> **Directions for this task**
Could you copy every line of the data that contains the word "simp"?
[[ Material to process open ]]
(* Let $q$ be a prime power, let $M$ be an invertible $s\times s$ matrix over $\mathbb{F}_q$, and let $1\le t_i\le t_o\le s$. Then the function $\mathbf{y}=\mathbf{x}M^{-1}$ (on row vectors in $\mathbb{F}_q^s$) defines a linear $(t_i,t_o,s,q)$-AONT if and only if every $t_o\times t_i$ submatrix of $M$ has rank $t_i$.
   Context: For a bijection $\phi:\Gamma^s\to\Gamma^s$ over an alphabet $\Gamma$ of size $v$, its array representation is the $v^s\times 2s$ array having, for each $\mathbf{x}=(x_1,\dots,x_s)\in\Gamma^s$, a row $(x_1,\dots,x_s,y_1,\dots,y_s)$ with $(y_1,\dots,y_s)=\phi(\mathbf{x})$. An $N\times k$ array is unbiased with respect to a set $D$ of columns if the rows restricted to $D$ contain every $|D|$-tuple over $\Gamma$ exactly $N/v^{|D|}$ times. $\phi$ is a $(t_i,t_o,s,v)$-AONT if its array representation (columns labelled $1,\dots,2s$) is unbiased with respect to $\{1,\dots,s\}$, $\{s+1,\dots,2s\}$, and $I\cup J$ for every $I\subseteq\{1,\dots,s\}$ with $|I|=t_i$ and every $J\subseteq\{s+1,\dots,2s\}$ with $|J|=s-t_o$. A linear $(t_i,t_o,s,q)$-AONT is one over $\Gamma=\mathbb{F}_q$ of the form $\mathbf{x}\mapsto\mathbf{x}M^{-1}$ for an invertible $s\times s$ matrix $M$ over $\mathbb{F}_q$ (so that $\mathbf{x}=\mathbf{y}M$). *)

theory Defs
  imports "Jordan_Normal_Form.DL_Rank" "Jordan_Normal_Form.DL_Submatrix"
    "Jordan_Normal_Form.Gauss_Jordan_Elimination"
begin

definition vec_mat :: "'a::semiring_0 vec \<Rightarrow> 'a mat \<Rightarrow> 'a vec" where
  "vec_mat x A = vec (dim_col A) (\<lambda>j. x \<bullet> col A j)"

(* Entry in column c (0-based, columns 0..2s-1) of the row of the array
   representation of phi indexed by x: first s columns are x, last s are phi x. *)
definition array_entry :: "nat \<Rightarrow> ('a vec \<Rightarrow> 'a vec) \<Rightarrow> 'a vec \<Rightarrow> nat \<Rightarrow> 'a" where
  "array_entry s \<phi> x c = (if c < s then x $ c else \<phi> x $ (c - s))"

(* The v^s x 2s array representation (alphabet = UNIV of the finite type 'a)
   is unbiased w.r.t. the column set D: every |D|-tuple over 'a
   (a function u on D) occurs exactly N / v^|D| times, N = v^s. *)
definition unbiased :: "nat \<Rightarrow> ('a::finite vec \<Rightarrow> 'a vec) \<Rightarrow> nat set \<Rightarrow> bool" where
  "unbiased s \<phi> D \<longleftrightarrow>
     (\<forall>u :: nat \<Rightarrow> 'a.
        card {x \<in> carrier_vec s. \<forall>c\<in>D. array_entry s \<phi> x c = u c} * card (UNIV :: 'a set) ^ card D
          = card (UNIV :: 'a set) ^ s)"

definition AONT :: "nat \<Rightarrow> nat \<Rightarrow> nat \<Rightarrow> ('a::finite vec \<Rightarrow> 'a vec) \<Rightarrow> bool" where
  "AONT ti to s \<phi> \<longleftrightarrow>
     bij_betw \<phi> (carrier_vec s) (carrier_vec s) \<and>
     unbiased s \<phi> {0..<s} \<and> unbiased s \<phi> {s..<2*s} \<and>
     (\<forall>I J. I \<subseteq> {0..<s} \<longrightarrow> card I = ti \<longrightarrow> J \<subseteq> {s..<2*s} \<longrightarrow> card J = s - to \<longrightarrow>
        unbiased s \<phi> (I \<union> J))"

definition linear_aont_map :: "'a::field mat \<Rightarrow> 'a vec \<Rightarrow> 'a vec" where
  "linear_aont_map M x = vec_mat x (the (mat_inverse M))"

end

theory Submission
  imports Defs
begin

text \<open>
  The rows of the array of \<open>\<phi>(x) = x M\<^sup>-\<^sup>1\<close> are the vectors \<open>(y M, y)\<close>, so reading a row on a
  column set \<open>D\<close> is a linear map of \<open>y\<close>. Its fibres are cosets of its kernel, hence all have
  the same size, and the array is unbiased on \<open>D\<close> iff this map is onto. For \<open>D = I \<union> J\<close>,
  subtracting a vector that matches the prescribed outputs on \<open>J\<close> shows that this holds iff
  every value of \<open>(z M)\<^sub>I\<close> is attained by some \<open>z\<close> vanishing on the output positions in \<open>J\<close>,
  i.e. iff \<open>z \<mapsto> z M[R, I]\<close> is onto, \<open>R\<close> being the complementary \<open>t\<^sub>o\<close> positions. Finally a
  matrix acts surjectively on row vectors iff its kernel is trivial iff it has full column rank.
\<close>

lemma index_vec_mat [simp]: "j < dim_col A \<Longrightarrow> vec_mat x A $ j = x \<bullet> col A j"
  unfolding vec_mat_def by simp
definition lr_bialgebra :: "('r::comm_ring_1 \<Rightarrow> 'a::comm_ring_1) \<Rightarrow> ('a,'l) lr \<Rightarrow> ('a,'d) lr \<Rightarrow>
                            ('d \<Rightarrow> 'l \<Rightarrow> 'a) \<Rightarrow> bool" where
  "lr_bialgebra \<iota> L D pair \<longleftrightarrow>
     lr_alg \<iota> L \<and> lr_alg \<iota> D \<and> fgp L \<and> fgp D \<and>
     alin D (dualmod L) (\<lambda>\<alpha> z. if z \<in> mcarrier L then pair \<alpha> z else 0) \<and>
     bij_betw (\<lambda>\<alpha> z. if z \<in> mcarrier L then pair \<alpha> z else 0) (mcarrier D) (mcarrier (dualmod L)) \<and>
     (\<forall>x\<in>mcarrier L. \<forall>y\<in>mcarrier L. \<forall>\<alpha>\<in>mcarrier D. \<forall>\<beta>\<in>mcarrier D.
        dstar D pair (lbr L x y) \<alpha> \<beta> =
          gbr21 L D pair (dstar D pair x) y \<alpha> \<beta> + gbr12 L D pair x (dstar D pair y) \<alpha> \<beta>)"

end

theory Submission
  imports Defs
begin
(* Let $\mathbf{x}:M\to\mathbb{R}^4_1$ be a complete, algebraic stationary surface, and let $z$ be a local complex coordinate on (the oriented double cover of) $M$ centered at a good singular end $z=0$ with multiplicity $\widetilde d=1$ and index $\mathrm{ind}=m\ge 1$, whose flux vector is zero (i.e. $\mathbf{x}_z\,\mathrm{d}z$ has zero residue at $z=0$). Then the vector-valued meromorphic function $\mathbf{x}_z$ has a Laurent expansion around $z=0$ of the form $$\mathbf{x}_z=\Big(\sum_{k=1}^m\frac{\alpha_{k+2}}{z^{k+2}}\Big)\mathbf{v}_0+\frac{1}{z^2}\mathbf{v}_1+O(1),$$ where $\alpha_{k+2}\in\mathbb{C}$ with $\alpha_{m+2}\neq 0$, $\mathbf{v}_0\in\mathbb{R}^4_1$ is a nonzero lightlike vector, $\mathbf{v}_1\in\mathbb{C}^4_1$ is an isotropic vector, and $\mathbf{v}_0,\mathrm{Re}(\mathbf{v}_1),\mathrm{Im}(\mathbf{v}_1)$ span a degenerate $3$-dimensional subspace of $\mathbb{R}^4_1$.
   Context: $\mathbb{R}^4_1$ is $\mathbb{R}^4$ with the Lorentz inner product $\langle \mathbf{x},\mathbf{x}\rangle=x_1^2+x_2^2+x_3^2-x_4^2$, extended complex-bilinearly to $\mathbb{C}^4_1=\mathbb{C}^4$; a vector $\mathbf{v}\in\mathbb{C}^4_1$ is isotropic if $\langle\mathbf{v},\mathbf{v}\rangle=0$, and a real vector is lightlike if it is nonzero with $\langle\mathbf{v},\mathbf{v}\rangle=0$. A stationary surface is a spacelike immersed surface with zero mean curvature; locally $\mathbf{x}=2\,\mathrm{Re}\int(\phi+\psi,\,-\mathrm{i}(\phi-\psi),\,1-\phi\psi,\,1+\phi\psi)\,\mathrm{d}h$ with meromorphic Gauss maps $\phi,\psi$ and holomorphic $1$-form $\mathrm{d}h$, so $\mathbf{x}_z\,\mathrm{d}z=(\phi+\psi,-\mathrm{i}(\phi-\psi),1-\phi\psi,1+\phi\psi)\,\mathrm{d}h$. Algebraic means $\mathbf{x}_z\,\mathrm{d}z$ extends meromorphically to a compact Riemann surface from which finitely many punctures (the ends) are removed. An end $p$ is singular if $\phi(p)=\overline{\psi(p)}$; if $\phi$ and $\psi$ take this common value (conjugated for $\psi$) with multiplicities $m'$ and $n'$ at $p$, the end is good when $m'\ne n'$, and its index is $\mathrm{ind}_p=m'$ if $m'<n'$ and $\mathrm{ind}_p=-n'$ if $m'>n'$ (for a regular end, $\mathrm{ind}_p=0$); $\mathrm{ind}^+_p=|\mathrm{ind}_p|$. The multiplicity of the end is $\widetilde d=d-\mathrm{ind}^+_p$, where $d+1$ is the order of the pole of $\mathbf{x}_z\,\mathrm{d}z$ at $p$. *)

theory Defs
  imports "HOL-Complex_Analysis.Complex_Analysis" "HOL-Library.Extended_Nat"
begin
(* Let $X$ be a real Banach space with a normalized Schauder basis $\mathcal B=(e_n)_{n=1}^\infty$ with biorthogonal functionals $(e_n^* )$ which is unconditional or boundedly complete, and let $\mathcal E=(\varepsilon_n)_{n=1}^\infty$ be a sequence of nonnegative numbers. If the brick $K_{\mathcal B,\mathcal E}$ has finite extreme radius, then $K_{\mathcal B,\mathcal E}$ is compact.
   Context: The brick is $K_{\mathcal B,\mathcal E}=\{x\in X:\ |e_n^*(x)|\le\varepsilon_n \text{ for all } n\}$. A point $x_0\in A$ is an extreme point of $A$ if for every nonzero $x\in X$ there is $\lambda\in[-1,1]$ with $x_0+\lambda x\notin A$. The extreme radius of $K$ is the supremum of $\|x_0\|$ over extreme points $x_0$ of $K$ if an extreme point exists, and $\infty$ otherwise. A basis is unconditional if $\sum_ne_n^*(x)e_n$ converges unconditionally for every $x$; it is boundedly complete if $\sup_n\|\sum_{k=1}^na_ke_k\|<\infty$ implies convergence of $\sum_na_ne_n$. *)

theory Defs
  imports "HOL-Analysis.Analysis"
begin

text \<open>Schauder basis (indexed from 0): every vector has a unique expansion
  x = sum_n a_n e_n (norm convergence of partial sums).\<close>
definition schauder_basis :: "(nat \<Rightarrow> 'a::real_normed_vector) \<Rightarrow> bool" where
  "schauder_basis e \<longleftrightarrow> (\<forall>x. \<exists>!a::nat \<Rightarrow> real. (\<lambda>n. a n *\<^sub>R e n) sums x)"

definition coord :: "(nat \<Rightarrow> 'a::real_normed_vector) \<Rightarrow> nat \<Rightarrow> 'a \<Rightarrow> real" where
  "coord e n x = (THE a::nat \<Rightarrow> real. (\<lambda>k. a k *\<^sub>R e k) sums x) n"
lemma card_add_to_block:
  assumes "finite Q" "c \<notin> \<Union>Q" "{} \<notin> Q" "L \<in> insert {} Q"
  shows "card (add_to_block c L Q) = (if L = {} then Suc (card Q) else card Q)"
proof -
  have "insert c L \<notin> Q - {L}"
    using assms(2) by blast
  then have "card (add_to_block c L Q) = Suc (card (Q - {L}))"
    unfolding add_to_block_def using assms(1) by simp
  moreover have "Suc (card (Q - {L})) = card Q" if "L \<in> Q"
    using that assms(1) card_Diff1_less[OF assms(1) that] by (simp add: card_Diff_singleton)
  ultimately show ?thesis
    using assms(3,4) by auto
qed

lemma remove_point_add_to_block:
  assumes "c \<notin> \<Union>Q" "{} \<notin> Q" "L \<in> insert {} Q"
  shows "remove_point c (add_to_block c L Q) = Q"
proof -
  have "(\<lambda>M. M - {c}) ` (Q - {L}) = Q - {L}"
    using assms(1) by (force simp: image_iff)
  moreover have "insert c L - {c} = L"
    using assms by auto
  ultimately show ?thesis
    unfolding remove_point_def add_to_block_def using assms(2,3) by auto
qed

lemma remove_point_block:
  assumes P: "partition_on A P" and K: "K \<in> P" "c \<in> K"
  shows "remove_point c P = insert (K - {c}) (P - {K}) - {{}}"
proof -
  have "M - {c} = M" if M: "M \<in> P - {K}" for M
  proof -
    have "c \<notin> M"
      using partition_on_block_eq[OF P _ K(1) _ K(2), of M] M by blast
    then show ?thesis
      by simp
  qed
  then have "(\<lambda>M. M - {c}) ` (P - {K}) = (\<lambda>M. M) ` (P - {K})"
    by (rule image_cong[OF refl])
  moreover have "(\<lambda>M. M - {c}) ` P = insert (K - {c}) ((\<lambda>M. M - {c}) ` (P - {K}))"
    using K(1) by blast
  ultimately show ?thesis
    by (simp add: remove_point_def)
qed

lemma add_to_block_remove_point:
  assumes P: "partition_on (insert c V) P" and c: "c \<notin> V"
  obtains L where "L \<in> insert {} (remove_point c P)" "P = add_to_block c L (remove_point c P)"
proof -
  obtain K where K: "K \<in> P" "c \<in> K"
    using partition_onD1[OF P] by blast
  note removed = remove_point_block[OF P K]
  have empty: "{} \<notin> P"
    using partition_onD3[OF P] .
  have "K - {c} \<notin> P - {K}"
  proof
    assume in_P: "K - {c} \<in> P - {K}"
    then have "K - {c} \<noteq> {}"
      using empty by (metis DiffD1)
    then obtain x where x: "x \<in> K - {c}"
      by auto
    have "K - {c} = K"
      by (rule partition_on_block_eq[OF P _ K(1)]) (use in_P x in auto)
    then show False
      using K(2) by auto
  qed
  then have "remove_point c P - {K - {c}} = P - {K}"
    unfolding removed using empty by blast
  moreover have "insert c (K - {c}) = K"
    using K(2) by blast
  ultimately have "add_to_block c (K - {c}) (remove_point c P) = insert K (P - {K})"
    unfolding add_to_block_def by simp
  also have "\<dots> = P"
    using K(1) by blast
  finally have "P = add_to_block c (K - {c}) (remove_point c P)"
    by (rule sym)
  moreover have "K - {c} \<in> insert {} (remove_point c P)"
    unfolding removed by blast
  ultimately show ?thesis
    using that by blast
qed

lemma inj_on_add_to_block:
  assumes "c \<notin> \<Union>Q"
  shows "inj_on (\<lambda>L. add_to_block c L Q) (insert {} Q)"
proof (rule inj_onI)
  fix L L'
  assume L: "L \<in> insert {} Q" and L': "L' \<in> insert {} Q"
    and eq: "add_to_block c L Q = add_to_block c L' Q"
  have "insert c L \<in> add_to_block c L' Q"
    using eq unfolding add_to_block_def by auto
  then have "insert c L = insert c L'"
    using assms unfolding add_to_block_def by auto
  moreover have "c \<notin> L" "c \<notin> L'"
    using assms L L' by auto
  ultimately show "L = L'"
    by (metis Diff_insert_absorb)
qed
(* Let $\sum_{n=1}^{\infty}x_n$ be a conditionally convergent series of real numbers. Then for any $a,b\in\mathbb{R}$ with $a<b$ there exists a strictly increasing sequence of indices $(k_n)_{n=1}^{\infty}$ such that the subseries $\sum_{n=1}^{\infty}x_{k_n}$ is absolutely convergent and its achievement set $A(x_{k_n})$ contains the interval $[a,b]$.
   Context: For a real sequence $(y_n)$, its achievement set is $A(y_n)=\{\sum_{n\in A}y_n : A\subseteq\mathbb{N}\}$ (only sets $A$ for which the sum converges are taken; for an absolutely convergent series this is every $A$). *)

theory Defs
  imports "HOL-Analysis.Analysis"
begin

definition achievement_set :: "(nat \<Rightarrow> real) \<Rightarrow> real set" where
  "achievement_set y = {s. \<exists>A :: nat set. (\<lambda>n. if n \<in> A then y n else 0) sums s}"

definition conditionally_convergent :: "(nat \<Rightarrow> real) \<Rightarrow> bool" where
  "conditionally_convergent x \<longleftrightarrow> summable x \<and> \<not> summable (\<lambda>n. \<bar>x n\<bar>)"

end

theory Submission
  imports Defs
begin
[[ Material to process closed ]]
> **Result**
lemma index_vec_mat [simp]: "j < dim_col A \<Longrightarrow> vec_mat x A $ j = x \<bullet> col A j"
  unfolding vec_mat_def by simp
    unfolding add_to_block_def using assms(1) by simp
    using that assms(1) card_Diff1_less[OF assms(1) that] by (simp add: card_Diff_singleton)
    using assms(1) by (force simp: image_iff)
      by simp
    by (simp add: remove_point_def)
    unfolding add_to_block_def by simp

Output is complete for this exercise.